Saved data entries

------------------------------

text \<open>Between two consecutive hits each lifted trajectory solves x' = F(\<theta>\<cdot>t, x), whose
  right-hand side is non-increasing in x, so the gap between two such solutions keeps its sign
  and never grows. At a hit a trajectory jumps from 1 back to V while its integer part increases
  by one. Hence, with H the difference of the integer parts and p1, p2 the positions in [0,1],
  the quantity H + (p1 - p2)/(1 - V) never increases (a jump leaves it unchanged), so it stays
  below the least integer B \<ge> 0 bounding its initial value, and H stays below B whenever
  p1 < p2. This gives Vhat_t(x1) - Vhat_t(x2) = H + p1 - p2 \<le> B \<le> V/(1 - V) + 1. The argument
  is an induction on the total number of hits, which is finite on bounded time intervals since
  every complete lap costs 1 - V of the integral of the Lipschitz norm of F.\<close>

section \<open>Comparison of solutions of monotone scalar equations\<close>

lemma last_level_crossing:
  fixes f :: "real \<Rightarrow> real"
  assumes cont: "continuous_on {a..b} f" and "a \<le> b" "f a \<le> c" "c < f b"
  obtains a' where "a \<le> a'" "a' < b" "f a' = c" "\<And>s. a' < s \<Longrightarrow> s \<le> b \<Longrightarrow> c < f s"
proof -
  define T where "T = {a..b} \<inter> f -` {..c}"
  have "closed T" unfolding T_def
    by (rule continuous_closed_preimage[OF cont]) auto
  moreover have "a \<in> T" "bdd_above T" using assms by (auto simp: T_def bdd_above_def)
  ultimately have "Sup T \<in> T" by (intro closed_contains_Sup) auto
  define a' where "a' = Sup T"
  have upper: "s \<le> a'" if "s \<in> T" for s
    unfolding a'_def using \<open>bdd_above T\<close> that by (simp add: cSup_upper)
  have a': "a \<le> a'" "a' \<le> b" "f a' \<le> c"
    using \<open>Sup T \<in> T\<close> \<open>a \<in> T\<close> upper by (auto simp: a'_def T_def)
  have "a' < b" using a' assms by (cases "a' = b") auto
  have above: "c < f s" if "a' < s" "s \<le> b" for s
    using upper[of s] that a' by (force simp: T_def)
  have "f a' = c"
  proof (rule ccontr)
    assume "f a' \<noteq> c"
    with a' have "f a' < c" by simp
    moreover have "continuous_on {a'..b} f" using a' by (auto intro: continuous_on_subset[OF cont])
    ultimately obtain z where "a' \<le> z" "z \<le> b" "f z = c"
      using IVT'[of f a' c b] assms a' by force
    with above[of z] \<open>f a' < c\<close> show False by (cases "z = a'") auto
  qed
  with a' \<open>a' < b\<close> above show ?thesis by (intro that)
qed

------------------------------

## EXERCISE DETAILS
Please retype, exactly as written, every line from the line containing "using \<open>Sup T" through the last line of the records above, including both of those lines, and nothing else.

## SOLUTION FOR THIS PROBLEM
    using \<open>Sup T \<in> T\<close> \<open>a \<in> T\<close> upper by (auto simp: a'_def T_def)
  have "a' < b" using a' assms by (cases "a' = b") auto
  have above: "c < f s" if "a' < s" "s \<le> b" for s
    using upper[of s] that a' by (force simp: T_def)
  have "f a' = c"
  proof (rule ccontr)
    assume "f a' \<noteq> c"
    with a' have "f a' < c" by simp
    moreover have "continuous_on {a'..b} f" using a' by (auto intro: continuous_on_subset[OF cont])
    ultimately obtain z where "a' \<le> z" "z \<le> b" "f z = c"
      using IVT'[of f a' c b] assms a' by force
    with above[of z] \<open>f a' < c\<close> show False by (cases "z = a'") auto
  qed
  with a' \<open>a' < b\<close> above show ?thesis by (intro that)
qed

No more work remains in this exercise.